Model simulations based on an initial activation by HGF and subsequent EGF-R input show that the cells remain responsive for approximately 7–8 h, thus sensitizing the system to initiate migration even under adverse environmental conditions. Interestingly, model analysis demonstrates an active modulation of the second input through at least three different gene products, namely the G-protein-coupled receptor 109B (GPR109B), DHRS9 and ERRFI-1. GPR109B is able to regulate cAMP levels and, through that PKA activity (Tunaru et al, 2003), co-regulation DHRS9 and the adenomatous polyposis of the colon gene in colon carcinomas (Jette et al, 2004). An in silico knockdown of dhrs9 increases ptgs2 expression (Figure 5C) and therefore lowers the threshold for initiation of migration. This is in line with the biological observation that prostaglandin, which is synthesized by ptgs2, synergistically enhances tyrosine kinase-dependent signaling in colon cancer cells (Shao et al, 2004), and thus regulates cell motility by modulating EGF-R activity (Banu et al, 2007). The dominant roles of the PKA pathway and PTGS-2 activity with respect to migration are generally accepted in a variety of cell types and tissues (Howe, 2004; Rüegg et al, 2004; Liao et al, 2007). Our results suggest that strongly and persistently upregulated genes, such as akap12 or ptgs2, regulate and determine the global dynamics of the system and the simulated expression levels are indeed suitable indicators of a cellular migration state.

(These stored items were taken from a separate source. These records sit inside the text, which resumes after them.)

lemma spectral_radius_less_1_recurrence_tendsto_zero:
  fixes A :: "complex mat"
  assumes A: "A \<in> carrier_mat n n" and n: "n > 0" and sr: "spectral_radius A < 1"
    and E: "\<And>t. E t \<in> carrier_vec n" and F: "\<And>t. F t \<in> carrier_vec n"
    and rec: "\<And>t. E (Suc t) = A *\<^sub>v E t + F t"
    and F_lim: "(\<lambda>t. vec_norm1 (F t)) \<longlonglongrightarrow> 0"
  shows "(\<lambda>t. vec_norm1 (E t)) \<longlonglongrightarrow> 0"
proof -
  obtain c r where c: "0 \<le> c" and r: "0 < r" "r < 1"
    and decay: "\<And>k i j. i < n \<Longrightarrow> j < n \<Longrightarrow> cmod ((A ^\<^sub>m k) $$ (i, j)) \<le> c * r ^ k"
    using spectral_radius_less_1_power_decay[OF A n sr] by blast
  have bounded: "cmod ((A ^\<^sub>m k) $$ (i, j)) \<le> c" if "i < n" "j < n" for k i j
    using decay[OF that, of k] mult_left_mono[OF power_le_one[of r k] c] r by simp
  define D where "D = real n * c"
  have D: "vec_norm1 (A ^\<^sub>m k *\<^sub>v v) \<le> D * vec_norm1 v" if "v \<in> carrier_vec n" for k v
    unfolding D_def using A that bounded by (intro vec_norm1_mult_mat_vec_le) auto
  have "(\<lambda>k. real n * (c * r ^ k)) \<longlonglongrightarrow> real n * (c * 0)"
    using r by (intro tendsto_mult tendsto_const LIMSEQ_realpow_zero) auto
  from LIMSEQ_D[OF this, of "1 / 2"]
  obtain K0 where K0: "\<And>k. k \<ge> K0 \<Longrightarrow> \<bar>real n * (c * r ^ k)\<bar> < 1 / 2"
    by auto
  define K where "K = Suc K0"
  have K: "K > 0" "real n * (c * r ^ K) \<le> 1 / 2"
    using K0[of K] by (auto simp: K_def)
  define g where "g t = D * (\<Sum>s<K. vec_norm1 (F (t + s)))" for t
  have step: "vec_norm1 (E (t + K)) \<le> vec_norm1 (E t) / 2 + g t" for t
  proof -
    have "E (t + K) = A ^\<^sub>m K *\<^sub>v E t + (E (t + K) - A ^\<^sub>m K *\<^sub>v E t)"
      using A E by (intro eq_vecI) auto
    then have "vec_norm1 (E (t + K))
        \<le> vec_norm1 (A ^\<^sub>m K *\<^sub>v E t) + vec_norm1 (E (t + K) - A ^\<^sub>m K *\<^sub>v E t)"
      using vec_norm1_add_le[of "E (t + K) - A ^\<^sub>m K *\<^sub>v E t" "A ^\<^sub>m K *\<^sub>v E t"] E A
      by simp
    moreover have "vec_norm1 (A ^\<^sub>m K *\<^sub>v E t) \<le> real n * (c * r ^ K) * vec_norm1 (E t)"
      using A E decay by (intro vec_norm1_mult_mat_vec_le) auto
    moreover have "real n * (c * r ^ K) * vec_norm1 (E t) \<le> vec_norm1 (E t) / 2"
      using K(2) vec_norm1_nonneg[of "E t"] mult_right_mono by fastforce
    ultimately show ?thesis
      using linear_recurrence_deviation_le[where E = E and F = F, OF A E F rec D, of t K]
      by (simp add: g_def)
  qed
  have "g \<longlonglongrightarrow> D * (\<Sum>s<K. 0)"
    unfolding g_def using F_lim
    by (intro tendsto_mult tendsto_const tendsto_sum) (rule LIMSEQ_ignore_initial_segment)
  then show ?thesis
    using tendsto_zero_of_contraction_after_steps[where \<mu> = "\<lambda>t. vec_norm1 (E t)",
        OF vec_norm1_nonneg K(1) step]
    by simp
qed

lemma eigenvalues_less_1_recurrence_tendsto_zero:
  fixes M :: "'n::finite \<Rightarrow> 'n \<Rightarrow> real" and e f :: "nat \<Rightarrow> 'n \<Rightarrow> real"
  assumes stable: "\<And>\<mu> (w :: 'n \<Rightarrow> complex). \<exists>j. w j \<noteq> 0 \<Longrightarrow>
        (\<And>i. (\<Sum>j\<in>UNIV. complex_of_real (M i j) * w j) = \<mu> * w i) \<Longrightarrow> cmod \<mu> < 1"
    and rec: "\<And>t i. e (Suc t) i = (\<Sum>j\<in>UNIV. M i j * e t j) + f t i"
    and f_lim: "\<And>i. (\<lambda>t. f t i) \<longlonglongrightarrow> 0"
  shows "(\<lambda>t. e t i) \<longlonglongrightarrow> 0"
proof -
  define n where "n = CARD('n)"
  have n: "n > 0"
    by (simp add: n_def)
  obtain \<iota> where \<iota>: "bij_betw \<iota> {..<n} (UNIV :: 'n set)"
    using ex_bij_betw_nat_finite[OF finite_class.finite_UNIV] unfolding n_def atLeast0LessThan by blast
  define \<kappa> where "\<kappa> = inv_into {..<n} \<iota>"
  have \<kappa>: "\<kappa> i < n" "\<iota> (\<kappa> i) = i" for i
    using bij_betwE[OF bij_betw_inv_into[OF \<iota>]] bij_betw_inv_into_right[OF \<iota>]
    unfolding \<kappa>_def by auto
  have \<kappa>_\<iota>: "\<kappa> (\<iota> k) = k" if "k < n" for k
    using \<iota> that unfolding \<kappa>_def by (simp add: bij_betw_inv_into_left)
  have reindex: "(\<Sum>k<n. \<phi> (\<iota> k)) = (\<Sum>j\<in>UNIV. \<phi> j)" for \<phi> :: "'n \<Rightarrow> 'b::comm_monoid_add"
    by (rule sum.reindex_bij_betw[OF \<iota>])
  define A where "A = Matrix.mat n n (\<lambda>(k, l). complex_of_real (M (\<iota> k) (\<iota> l)))"
  have A: "A \<in> carrier_mat n n"
    by (simp add: A_def)
  have A_mult: "vec_index (A *\<^sub>v v) k = (\<Sum>j\<in>UNIV. complex_of_real (M (\<iota> k) j) * vec_index v (\<kappa> j))"
    if "v \<in> carrier_vec n" "k < n" for v k
    using that reindex[of "\<lambda>j. complex_of_real (M (\<iota> k) j) * vec_index v (\<kappa> j)"]
    by (simp add: A_def scalar_prod_def atLeast0LessThan \<kappa>_\<iota>)
  have "spectral_radius A < 1"
  proof -
    obtain \<mu> where \<mu>: "\<mu> \<in> spectrum A" "spectral_radius A = cmod \<mu>"
      using spectral_radius_mem_max(1)[OF A n] by auto
    then obtain v where v: "v \<in> carrier_vec n" "v \<noteq> 0\<^sub>v n" "A *\<^sub>v v = \<mu> \<cdot>\<^sub>v v"
      using A unfolding spectrum_def eigenvalue_def eigenvector_def by auto
    define w where "w j = vec_index v (\<kappa> j)" for j
    have "\<exists>j. w j \<noteq> 0"
    proof (rule ccontr)
      assume "\<nexists>j. w j \<noteq> 0"
      then have "vec_index v k = 0" if "k < n" for k
        using that w_def[of "\<iota> k"] \<kappa>_\<iota>[OF that] by simp
      then show False
        using v(1,2) by auto
    qed
    moreover have "(\<Sum>j\<in>UNIV. complex_of_real (M i j) * w j) = \<mu> * w i" for i
      using A_mult[OF v(1) \<kappa>(1), of i] arg_cong[OF v(3), of "\<lambda>u. vec_index u (\<kappa> i)"] v(1) \<kappa>
      by (simp add: w_def)
    ultimately show ?thesis
      using stable \<mu>(2) by simp
  qed
  define lift where "lift u = Matrix.vec n (\<lambda>k. complex_of_real (u (\<iota> k)))" for u :: "'n \<Rightarrow> real"
  have lift: "lift u \<in> carrier_vec n" for u
    by (simp add: lift_def)
  have norm_lift: "vec_norm1 (lift u) = (\<Sum>j\<in>UNIV. \<bar>u j\<bar>)" for u
    using reindex[of "\<lambda>j. \<bar>u j\<bar>"] by (simp add: vec_norm1_def lift_def)
  have "lift (e (Suc t)) = A *\<^sub>v lift (e t) + lift (f t)" for t
    using A_mult[OF lift] by (intro eq_vecI) (auto simp: lift_def \<kappa> rec)
  moreover have "(\<lambda>t. vec_norm1 (lift (f t))) \<longlonglongrightarrow> 0"
    unfolding norm_lift by (intro tendsto_null_sum tendsto_rabs_zero f_lim)
  ultimately have lim: "(\<lambda>t. vec_norm1 (lift (e t))) \<longlonglongrightarrow> 0"
    by (rule spectral_radius_less_1_recurrence_tendsto_zero[OF A n \<open>spectral_radius A < 1\<close> lift lift])
  have "norm (e t i) \<le> vec_norm1 (lift (e t))" for t
    unfolding norm_lift real_norm_def by (rule member_le_sum) auto
  then show ?thesis
    by (intro Lim_null_comparison[OF always_eventually lim]) simp
qed

lemma eigenvalues_less_1_recurrence_tendsto_zero_vec:
  fixes M :: "'n::finite \<Rightarrow> 'n \<Rightarrow> real" and e f :: "nat \<Rightarrow> 'n \<Rightarrow> real ^ 'm"
  assumes stable: "\<And>\<mu> (w :: 'n \<Rightarrow> complex). \<exists>j. w j \<noteq> 0 \<Longrightarrow>
        (\<And>i. (\<Sum>j\<in>UNIV. complex_of_real (M i j) * w j) = \<mu> * w i) \<Longrightarrow> cmod \<mu> < 1"
    and rec: "\<And>t i. e (Suc t) i = (\<Sum>j\<in>UNIV. M i j *\<^sub>R e t j) + f t i"
    and f_lim: "\<And>i. (\<lambda>t. f t i) \<longlonglongrightarrow> 0"
  shows "(\<lambda>t. e t i) \<longlonglongrightarrow> 0"
proof (rule vec_tendstoI)
  fix k
  have "(\<lambda>t. e t i $ k) \<longlonglongrightarrow> 0"
  proof (rule eigenvalues_less_1_recurrence_tendsto_zero[where e = "\<lambda>t j. e t j $ k" and f = "\<lambda>t j. f t j $ k",
        OF stable])
    show "e (Suc t) j $ k = (\<Sum>l\<in>UNIV. M j l * e t l $ k) + f t j $ k" for t j
      by (simp add: rec)
    show "(\<lambda>t. f t j $ k) \<longlonglongrightarrow> 0" for j
      using tendsto_vec_nth[where i = k, OF f_lim] by simp
  qed
  then show "(\<lambda>t. e t i $ k) \<longlonglongrightarrow> 0 $ k"
    by simp
qed

definition laplacian_action :: "('n::finite \<Rightarrow> 'n \<Rightarrow> real) \<Rightarrow> ('n \<Rightarrow> 'v::real_vector) \<Rightarrow> 'n \<Rightarrow> 'v"
  where "laplacian_action a w i = (\<Sum>j\<in>UNIV. a i j *\<^sub>R (w i - w j))"

lemma laplacian_action_diff_const: "laplacian_action a (\<lambda>i. w i - c) = laplacian_action a w"
  by (simp add: laplacian_action_def fun_eq_iff)

lemma laplacian_mult_eq_action:
  fixes w :: "'n::finite \<Rightarrow> 'v::real_vector"
  assumes no_self: "a i i = 0"
  shows "(\<Sum>j\<in>UNIV. laplacian a $ i $ j *\<^sub>R w j) = laplacian_action a w i"
proof -
  have "laplacian a $ i $ j *\<^sub>R w j
      = (if j = i then (\<Sum>k\<in>UNIV. a i k) *\<^sub>R w i else 0) - a i j *\<^sub>R w j" for j
    using no_self by (auto simp: laplacian_def)
  then have "(\<Sum>j\<in>UNIV. laplacian a $ i $ j *\<^sub>R w j)
      = (\<Sum>k\<in>UNIV. a i k) *\<^sub>R w i - (\<Sum>j\<in>UNIV. a i j *\<^sub>R w j)"
    by (simp add: sum_subtractf)
  then show ?thesis
    by (simp add: laplacian_action_def scaleR_diff_right sum_subtractf scaleR_sum_left)
qed

lemma sum_neighbors_eq_laplacian_action:
  assumes nonneg: "\<And>j. a i j \<ge> 0"
  shows "(\<Sum>j\<in>neighbors a i. a i j *\<^sub>R (w j - w i)) = - laplacian_action a w i"
proof -
  have "(\<Sum>j\<in>neighbors a i. a i j *\<^sub>R (w j - w i)) = (\<Sum>j\<in>UNIV. a i j *\<^sub>R (w j - w i))"
    using nonneg by (intro sum.mono_neutral_left) (auto simp: neighbors_def order_less_le)
  then show ?thesis
    by (simp add: laplacian_action_def sum_negf[symmetric] scaleR_diff_right)
qed

lemma has_spanning_tree_imp_root:
  assumes "has_spanning_tree a"
  obtains r where "\<And>i. (r, i) \<in> (graph_edges a)\<^sup>*"
  using assms rtrancl_mono unfolding has_spanning_tree_def by blast

lemma laplacian_action_const_eq_zero:
  fixes v :: "'n::finite \<Rightarrow> real"
  assumes nonneg: "\<And>i j. a i j \<ge> 0" and const: "\<And>i. laplacian_action a v i = d"
  shows "d = 0"
proof -
  have "Min (range v) \<in> range v" "Max (range v) \<in> range v"
    by (intro Min_in Max_in; simp)+
  then obtain imin imax where "v imin = Min (range v)" "v imax = Max (range v)"
    by (metis rangeE)
  then have "v imin \<le> v j" "v j \<le> v imax" for j
    by simp_all
  then have "laplacian_action a v imin \<le> 0" "laplacian_action a v imax \<ge> 0"
    unfolding laplacian_action_def real_scaleR_def using nonneg
    by (intro sum_nonpos sum_nonneg mult_nonneg_nonpos mult_nonneg_nonneg; simp)+
  then show ?thesis
    using const by (metis order_antisym)
qed

lemma harmonic_le_root:
  fixes v :: "'n::finite \<Rightarrow> real"
  assumes nonneg: "\<And>i j. a i j \<ge> 0" and harmonic: "\<And>i. laplacian_action a v i = 0"
    and root: "\<And>i. (r, i) \<in> (graph_edges a)\<^sup>*"
  shows "v i \<le> v r"
proof -
  define M where "M = Max (range v)"
  have le_M: "v j \<le> M" for j
    unfolding M_def by (intro Max_ge) auto
  have max_spreads: "v j = M" if "v k = M" and "(j, k) \<in> graph_edges a" for j k
  proof -
    have "(\<Sum>l\<in>UNIV. a k l * (v k - v l)) = 0"
      using harmonic[of k] by (simp add: laplacian_action_def)
    moreover have "\<forall>l\<in>UNIV. a k l * (v k - v l) \<ge> 0"
      using that(1) le_M nonneg by auto
    ultimately have "a k j * (v k - v j) = 0"
      using sum_nonneg_eq_0_iff[of UNIV "\<lambda>l. a k l * (v k - v l)"] by simp
    then show ?thesis
      using that by (simp add: graph_edges_def)
  qed
  have max_reaches_root: "v k = M \<longrightarrow> v r = M" if "(r, k) \<in> (graph_edges a)\<^sup>*" for k
    using that
  proof (induction rule: rtrancl_induct)
    case (step j k)
    then show ?case
      using max_spreads[of k j] by blast
  qed simp
  have "M \<in> range v"
    unfolding M_def by (intro Max_in) auto
  then obtain k where "v k = M"
    by (metis rangeE)
  then have "v r = M"
    using max_reaches_root root by blast
  then show ?thesis
    using le_M[of i] by simp
qed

Because the initial Met and the following EGF-R signals converge on the MAPK pathway, there must be features specific for each trigger, which might stem from dynamic regulation dependent on the history of a cell. In fact, it was shown that temporal information encoding can be realized for MAPK signaling via negative feedback regulation (Amit et al, 2007), and that ligand specificity can be achieved through mutual inhibition of distinct compounds in the same pathway (McClean et al, 2007). Comparing the gene expression profiles from this study with those obtained from EGF-only-induced migration of a breast cancer cell line (Amit et al, 2007), one finds similar kinetics for the genes critically involved in the decision toward migration. However, the kinetics of some responding genes differ in the first 3–4 h after stimulation. These alterations are especially prominent for genes modulating MAPK activity (DUSPs) as well as for DHRS9 and GPR109B, which were postulated to modulate EGF-R signaling intensity. Interestingly, although the initial conditions of each epithelial cell type (MCF10A and primary human keratinocytes) are different, they eventually converge to the same gene expression dynamics over time.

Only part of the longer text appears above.